While viral nucleic acid and protein serve as potent triggers of antiviral signaling, increasing evidence suggests a role for the viral entry event in innate immune responses to virus. IRF-3 activation and ISG induction occur in response to virus particle entry in the absence of replication [70-76]. Data from our laboratory has demonstrated that the cellular response to virus particle entry requires IRF-3 and induces ISGs in the absence of IFN production and viral replication in primary fibroblasts [71]. In this pathway, NFκB is not activated and IRF-3 is a crucial component, as siRNA-mediated knockdown of IRF-3 abrogates this response [73,74]. This immediate early response does not depend on RIG-I, or any of the known TLRs [74]. Given the multifaceted nature of viral entry, cellular changes associated with this fusion event may serve as a danger signal for induction of an antiviral response. Indeed, generic stress signals such as ATP hydrolysis and changes to intracellular potassium ion concentration are sufficient triggers to induce an antiviral response by activating the Nalp3 inflammasome [77-79], suggesting that antiviral signaling may occur by virus recognition through danger associated patterns rather than by classical pathogen associated molecular patterns (PAMPs). The specific cellular stress and the corresponding danger recognition receptor involved in virus entry remain unknown, but have important implications in innate antiviral signaling.
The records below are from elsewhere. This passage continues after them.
(* Let $V$ be a Seifert matrix and let $\omega,\omega'$ be unit complex numbers that are roots of the same irreducible polynomial over $\mathbb{Q}$. Then $\sigma_\omega(V)\equiv\sigma_{\omega'}(V)\pmod 2$. In particular, if $\omega_p\in S$ is a root of an irreducible rational polynomial having another root $\omega\in S$, no Seifert matrix $V$ (metabolic or not) can have $\sigma_{\omega_p}(V)$ odd while $\sigma_{\omega}(V)=0$.
   Context: A Seifert matrix is a square integral matrix $V$ with $\det(V-V^T)=\pm1$; for a unit complex number $\omega$, $\sigma_\omega(V)$ is the signature of the Hermitian matrix $(1-\omega)V+(1-\bar\omega)V^T$. $S$ is the set of unit complex numbers with positive imaginary part. *)

theory Defs
  imports "Jordan_Normal_Form.Char_Poly" "HOL-Computational_Algebra.Polynomial"
begin

definition seifert_matrix :: "int mat \<Rightarrow> bool" where
  "seifert_matrix V \<longleftrightarrow> V \<in> carrier_mat (dim_row V) (dim_row V) \<and>
     det (V - transpose_mat V) \<in> {1, -1}"

definition signature :: "complex mat \<Rightarrow> int" where
  "signature H =
     int (\<Sum>x\<in>{x. poly (char_poly H) x = 0 \<and> x \<in> \<real> \<and> Re x > 0}. order x (char_poly H))
   - int (\<Sum>x\<in>{x. poly (char_poly H) x = 0 \<and> x \<in> \<real> \<and> Re x < 0}. order x (char_poly H))"

definition seifert_form :: "complex \<Rightarrow> int mat \<Rightarrow> complex mat" where
  "seifert_form w V = (1 - w) \<cdot>\<^sub>m map_mat of_int V
                     + (1 - cnj w) \<cdot>\<^sub>m map_mat of_int (transpose_mat V)"

definition tristram_levine_sig :: "complex \<Rightarrow> int mat \<Rightarrow> int" where
  "tristram_levine_sig w V = signature (seifert_form w V)"

definition S_set :: "complex set" where
  "S_set = {w. norm w = 1 \<and> Im w > 0}"

end

theory Submission
  imports Defs "HOL-Computational_Algebra.Field_as_Ring" "Jordan_Normal_Form.Jordan_Normal_Form_Existence"
begin

text \<open>The eigenvalues of the Hermitian matrix H_w = (1 - w) V + (1 - conj w) V^T are real,
  so its signature is congruent mod 2 to n minus the nullity of H_w, the multiplicity of the
  eigenvalue 0. For |w| = 1 we have w H_w = A(w) for the matrix A(t) = - V^T + t (V + V^T) - t^2 V
  over \<rat>[t]. Hence the nullity of H_w is the index of the first coefficient of the
  characteristic polynomial of A(t) that does not vanish at t = w. These coefficients are rational
  polynomials in t, and two roots of the same irreducible rational polynomial annihilate exactly the
  same rational polynomials, so the nullity, and with it the signature mod 2, agrees at w and w'.\<close>

definition hermitian :: "'a::conjugate mat \<Rightarrow> bool" where
  "hermitian A \<longleftrightarrow> transpose_mat A = map_mat conjugate A"

lemma conjugate_mult_mat_vec:
  fixes A :: "'a::conjugatable_ring mat"
  assumes "v \<in> carrier_vec (dim_col A)"
  shows "conjugate (A *\<^sub>v v) = map_mat conjugate A *\<^sub>v conjugate v"
proof (rule eq_vecI)
  fix i assume "i < dim_vec (map_mat conjugate A *\<^sub>v conjugate v)"
  then have "i < dim_row A" by simp
  moreover have "row (map_mat conjugate A) i = conjugate (row A i)" if "i < dim_row A"
    using that by (auto simp: row_def)
  ultimately show "conjugate (A *\<^sub>v v) $ i = (map_mat conjugate A *\<^sub>v conjugate v) $ i"
    using assms by (simp add: conjugate_sprod_vec[of _ "dim_col A"])
qed simp

lemma hermitian_eigenvalue_self_conjugate:
  fixes A :: "'a::conjugatable_ordered_field mat"
  assumes herm: "hermitian A" and ev: "eigenvalue A a"
  shows "conjugate a = a"
proof -
  obtain v where v: "eigenvector A v a" using ev unfolding eigenvalue_def by blast
  define n where "n = dim_row A"
  have A: "A \<in> carrier_mat n n"
    using herm unfolding hermitian_def n_def
    by (metis carrier_mat_triv index_map_mat(3) index_transpose_mat(3))
  have vn: "v \<in> carrier_vec n" "v \<noteq> 0\<^sub>v n" and Av: "A *\<^sub>v v = a \<cdot>\<^sub>v v"
    using v unfolding eigenvector_def n_def by auto
  have "a * (v \<bullet>c v) = (A *\<^sub>v v) \<bullet>c v"
    using vn by (simp add: Av)
  also have "\<dots> = (transpose_mat (transpose_mat A) *\<^sub>v v) \<bullet> conjugate v"
    by simp
  also have "\<dots> = v \<bullet> (transpose_mat A *\<^sub>v conjugate v)"
    using A vn by (intro transpose_vec_mult_scalar) auto
  also have "\<dots> = v \<bullet>c (A *\<^sub>v v)"
    using herm A vn unfolding hermitian_def by (simp add: conjugate_mult_mat_vec)
  also have "\<dots> = conjugate a * (v \<bullet>c v)"
    using vn by (simp add: Av conjugate_smult_vec)
  finally have "a * (v \<bullet>c v) = conjugate a * (v \<bullet>c v)" .
  moreover have "v \<bullet>c v \<noteq> 0"
    using vn by simp
  ultimately show ?thesis by simp
qed

lemma order_prod_linear:
  "order x (\<Prod>a\<leftarrow>as. [:- a, 1:]) = count_list as (x::'a::idom)"
proof (induction as)
  case Nil
  then show ?case by (simp add: order_0I)
next
  case (Cons a as)
  have "(\<Prod>a\<leftarrow>as. [:- a, 1:]) \<noteq> (0::'a poly)"
    by (auto simp: prod_list_zero_iff)
  then have "order x ([:- a, 1:] * (\<Prod>a\<leftarrow>as. [:- a, 1:]))
      = order x [:- a, 1:] + order x (\<Prod>a\<leftarrow>as. [:- a, 1:])"
    by (intro order_mult) (metis mult_eq_0_iff pCons_eq_0_iff one_neq_zero)
  moreover have "order x [:- a, 1:] = (if x = a then 1 else 0)"
    using order_power_n_n[of a 1] by (auto intro!: order_0I)
  ultimately show ?case using Cons by simp
qed

lemma sum_order_prod_linear:
  fixes as :: "'a::idom list"
  shows "(\<Sum>x\<in>{x. poly (\<Prod>a\<leftarrow>as. [:- a, 1:]) x = 0 \<and> Q x}. order x (\<Prod>a\<leftarrow>as. [:- a, 1:]))
     = length (filter Q as)"
proof -
  have roots: "{x. poly (\<Prod>a\<leftarrow>as. [:- a, 1:]) x = 0 \<and> Q x} = set (filter Q as)"
    by (auto simp: poly_prod_list prod_list_zero_iff)
  have "(\<Sum>x\<in>set (filter Q as). count_list as x) = (\<Sum>x\<in>set (filter Q as). count_list (filter Q as) x)"
    by (intro sum.cong) (auto simp: count_list_eq_length_filter filter_filter intro!: arg_cong[where f=length] filter_cong)
  also have "\<dots> = length (filter Q as)"
    by (rule sum_count_set) simp_all
  finally show ?thesis unfolding roots order_prod_linear .
qed

lemma length_eq_count_sign_filters:
  assumes "\<And>a. a \<in> set as \<Longrightarrow> a \<in> \<real>"
  shows "length as = length (filter (\<lambda>x. x \<in> \<real> \<and> Re x > 0) as)
    + length (filter (\<lambda>x. x \<in> \<real> \<and> Re x < 0) as) + count_list as 0"
  using assms by (induction as) (auto simp: complex_is_Real_iff complex_eq_iff)

lemma signature_hermitian_mod_2:
  fixes H :: "complex mat"
  assumes H: "H \<in> carrier_mat n n" and herm: "hermitian H"
  shows "signature H mod 2 = (int n - int (order 0 (char_poly H))) mod 2"
proof -
  obtain as where cp: "char_poly H = (\<Prod>a\<leftarrow>as. [:- a, 1:])" and len: "length as = n"
    using char_poly_factorized[OF H] by blast
  have "a \<in> \<real>" if "a \<in> set as" for a
  proof -
    have "poly (char_poly H) a = 0"
      using that by (simp add: cp poly_prod_list prod_list_zero_iff)
    then have "eigenvalue H a"
      using eigenvalue_root_char_poly[OF H] by simp
    then show ?thesis
      using hermitian_eigenvalue_self_conjugate[OF herm] by (simp add: Reals_cnj_iff)
  qed
  then have "int n = length (filter (\<lambda>x. x \<in> \<real> \<and> Re x > 0) as)
      + length (filter (\<lambda>x. x \<in> \<real> \<and> Re x < 0) as) + order 0 (char_poly H)"
    using length_eq_count_sign_filters len by (simp add: cp order_prod_linear)
  moreover have "signature H = int (length (filter (\<lambda>x. x \<in> \<real> \<and> Re x > 0) as))
      - length (filter (\<lambda>x. x \<in> \<real> \<and> Re x < 0) as)"
    unfolding signature_def cp sum_order_prod_linear ..
  ultimately have "int n - int (order 0 (char_poly H))
      = signature H + 2 * int (length (filter (\<lambda>x. x \<in> \<real> \<and> Re x < 0) as))"
    by simp
  then show ?thesis by simp
qed

lemma comm_ring_hom_poly_of_rat:
  "comm_ring_hom (\<lambda>q. poly (map_poly of_rat q) (x::'a::field_char_0))"
proof -
  interpret of_rat_poly: map_poly_comm_ring_hom "of_rat :: rat \<Rightarrow> 'a" ..
  show ?thesis
    by unfold_locales (simp_all add: of_rat_poly.hom_add of_rat_poly.hom_mult)
qed

lemma irreducible_dvd_of_common_root:
  fixes p q :: "rat poly" and x :: "'a::field_char_0"
  assumes "irreducible p"
    and "poly (map_poly of_rat p) x = 0" and "poly (map_poly of_rat q) x = 0"
  shows "p dvd q"
proof (rule ccontr)
  interpret ev: comm_ring_hom "\<lambda>q. poly (map_poly of_rat q) x"
    by (rule comm_ring_hom_poly_of_rat)
  assume "\<not> p dvd q"
  then have "coprime p q"
    by (intro prime_elem_imp_coprime irreducible_imp_prime_elem assms(1))
  then obtain r s where "r * p + s * q = 1"
    by (metis bezout_coefficients_fst_snd coprime_imp_gcd_eq_1)
  moreover have "poly (map_poly of_rat (r * p + s * q)) x = 0"
    using assms(2,3) by (simp add: ev.hom_add ev.hom_mult)
  ultimately show False by simp
qed

lemma root_iff_root_of_irreducible:
  fixes p :: "rat poly" and x y :: "'a::field_char_0"
  assumes p: "irreducible p"
    and x: "poly (map_poly of_rat p) x = 0" and y: "poly (map_poly of_rat p) y = 0"
  shows "poly (map_poly of_rat q) x = 0 \<longleftrightarrow> poly (map_poly of_rat q) y = 0"
proof -
  have "poly (map_poly of_rat q) z = 0"
    if "poly (map_poly of_rat p) z = 0" "p dvd q" for z :: 'a
  proof -
    interpret ev: comm_ring_hom "\<lambda>q. poly (map_poly of_rat q) z"
      by (rule comm_ring_hom_poly_of_rat)
    from \<open>p dvd q\<close> obtain r where "q = p * r" ..
    then show ?thesis using that(1) by (simp add: ev.hom_mult)
  qed
  then show ?thesis
    using irreducible_dvd_of_common_root[OF p] x y by metis
qed

lemma order_0_cong:
  fixes f g :: "'a::idom poly"
  assumes "f \<noteq> 0" "g \<noteq> 0" "\<And>i. coeff f i = 0 \<longleftrightarrow> coeff g i = 0"
  shows "order 0 f = order 0 g"
proof -
  have "m \<le> order 0 f \<longleftrightarrow> m \<le> order 0 g" for m
    using monom_1_dvd_iff[OF assms(1), of m] monom_1_dvd_iff[OF assms(2), of m]
      monom_1_dvd_iff'[of m f] monom_1_dvd_iff'[of m g] assms(3) by auto
  then show ?thesis by (meson le_antisym order_refl)
qed

lemma hermitian_seifert_form:
  assumes "V \<in> carrier_mat n n"
  shows "hermitian (seifert_form w V)"
  unfolding hermitian_def
  by (rule eq_matI) (use assms in \<open>auto simp: seifert_form_def\<close>)

definition seifert_poly_mat :: "int mat \<Rightarrow> rat poly mat" where
  "seifert_poly_mat V = mat (dim_row V) (dim_row V)
     (\<lambda>(i, j). [: - of_int (V $$ (j, i)), of_int (V $$ (i, j) + V $$ (j, i)), - of_int (V $$ (i, j)) :])"

lemma seifert_poly_mat_eval:
  assumes V: "V \<in> carrier_mat n n" and w: "norm w = 1"
  shows "map_mat (\<lambda>q. poly (map_poly of_rat q) w) (seifert_poly_mat V) = w \<cdot>\<^sub>m seifert_form w V"
proof (rule eq_matI)
  have "w * cnj w = 1"
    using complex_norm_square[of w] w by simp
  then show "map_mat (\<lambda>q. poly (map_poly of_rat q) w) (seifert_poly_mat V) $$ (i, j)
      = (w \<cdot>\<^sub>m seifert_form w V) $$ (i, j)"
    if "i < dim_row (w \<cdot>\<^sub>m seifert_form w V)" "j < dim_col (w \<cdot>\<^sub>m seifert_form w V)" for i j
    using that V
    by (simp add: seifert_poly_mat_def seifert_form_def Polynomial.map_poly_pCons of_rat_minus of_rat_add)
      (simp add: algebra_simps)
qed (use V in \<open>auto simp: seifert_form_def seifert_poly_mat_def\<close>)

lemma order_0_char_poly_seifert_form:
  assumes V: "V \<in> carrier_mat n n" and w: "norm w = 1"
  shows "order 0 (char_poly (seifert_form w V))
    = order 0 (map_poly (\<lambda>q. poly (map_poly of_rat q) w) (char_poly (seifert_poly_mat V)))"
proof -
  interpret ev: comm_ring_hom "\<lambda>q. poly (map_poly of_rat q) w"
    by (rule comm_ring_hom_poly_of_rat)
  have "seifert_form w V \<in> carrier_mat n n" "w \<noteq> 0"
    using V w by (auto simp: seifert_form_def)
  then have "order 0 (char_poly (seifert_form w V)) = order 0 (char_poly (w \<cdot>\<^sub>m seifert_form w V))"
    by (simp add: order_char_poly_smult)
  also have "\<dots> = order 0 (map_poly (\<lambda>q. poly (map_poly of_rat q) w) (char_poly (seifert_poly_mat V)))"
    using V by (simp add: seifert_poly_mat_eval[OF V w, symmetric] ev.char_poly_hom[of _ n] seifert_poly_mat_def)
  finally show ?thesis .
qed

lemma order_0_char_poly_eval_conjugates:
  fixes A :: "rat poly mat" and p :: "rat poly" and x y :: "'a::field_char_0"
  assumes A: "A \<in> carrier_mat n n" and p: "irreducible p"
    and x: "poly (map_poly of_rat p) x = 0" and y: "poly (map_poly of_rat p) y = 0"
  shows "order 0 (map_poly (\<lambda>q. poly (map_poly of_rat q) x) (char_poly A))
    = order 0 (map_poly (\<lambda>q. poly (map_poly of_rat q) y) (char_poly A))"
proof -
  have nonzero: "map_poly (\<lambda>q. poly (map_poly of_rat q) z) (char_poly A) \<noteq> 0" for z :: 'a
  proof -
    interpret ev: comm_ring_hom "\<lambda>q. poly (map_poly of_rat q) z"
      by (rule comm_ring_hom_poly_of_rat)
    have "monic (char_poly A)"
      using degree_monic_char_poly[OF A] by simp
    then have "coeff (map_poly (\<lambda>q. poly (map_poly of_rat q) z) (char_poly A)) (degree (char_poly A)) = 1"
      by (simp add: coeff_map_poly)
    then show ?thesis by (metis coeff_0 zero_neq_one)
  qed
  show ?thesis
    by (rule order_0_cong[OF nonzero nonzero])
      (simp add: coeff_map_poly root_iff_root_of_irreducible[OF p x y])
qed

lemma tristram_levine_sig_mod_2:
  assumes V: "V \<in> carrier_mat n n" and w: "norm w = 1"
  shows "tristram_levine_sig w V mod 2
    = (int n - int (order 0 (map_poly (\<lambda>q. poly (map_poly of_rat q) w) (char_poly (seifert_poly_mat V))))) mod 2"
proof -
  have "seifert_form w V \<in> carrier_mat n n"
    using V by (simp add: seifert_form_def)
  then show ?thesis
    unfolding tristram_levine_sig_def
    using signature_hermitian_mod_2 hermitian_seifert_form[OF V] order_0_char_poly_seifert_form[OF V w]
    by simp
qed

theorem mainTheorem8:
  fixes V :: "int mat" and w w' :: complex and p :: "rat poly"
  assumes "seifert_matrix V"
    and "norm w = 1" and "norm w' = 1"
    and "irreducible p"
    and "poly (map_poly of_rat p) w = 0" and "poly (map_poly of_rat p) w' = 0"
  shows "tristram_levine_sig w V mod 2 = tristram_levine_sig w' V mod 2
    \<and> (w \<in> S_set \<and> w' \<in> S_set \<longrightarrow>
         \<not> (odd (tristram_levine_sig w' V) \<and> tristram_levine_sig w V = 0))"
proof -
  obtain n where V: "V \<in> carrier_mat n n"
    using assms(1) unfolding seifert_matrix_def by blast
  have A: "seifert_poly_mat V \<in> carrier_mat n n"
    using V by (simp add: seifert_poly_mat_def)
  have "tristram_levine_sig w V mod 2 = tristram_levine_sig w' V mod 2"
    using tristram_levine_sig_mod_2[OF V assms(2)] tristram_levine_sig_mod_2[OF V assms(3)]
      order_0_char_poly_eval_conjugates[OF A assms(4-6)] by simp
  then show ?thesis
    by (auto simp: even_iff_mod_2_eq_zero)
qed

end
Following virus recognition by various cellular receptors, signal transduction events lead to the expression of type I IFNs. The cytosolic RIG-I, MDA5 and DAI pathways converge at the mitochondrial surface. Here, the adaptor protein MAVS associates with the nucleic acid sensor and recruits components of the antiviral signaling complex including TBK-1/IKKε, the adaptor protein mediator of IRF-3 activation (MITA, also known as STING), and IRF-3 [58,80-82]. The cellular components involved downstream of scavenger receptor binding and following recognition of virus entry are less well characterized, but like the other known sensors, the pathway appears to converge at the activation of the kinases TBK-1/IKKe [71,74,80,81]. TLR3-mediated recognition of virus also leads to activation of TBK-1 and IRF-3 in a TRIF-dependent manner, independent of MAVS or MITA [42]. Dimerization and activation of TBK-1 at the mitochondrial surface leads to activation of IRF-3 [80,81,83], resulting in IFNβ transcription [84-89]. Not surprisingly, the HSV-1 immediate early gene product ICP0 has been shown to block IRF-3 activity and prevent IFNβ transcription, highlighting the importance of IRF-3 in the antiviral cascade [90-92].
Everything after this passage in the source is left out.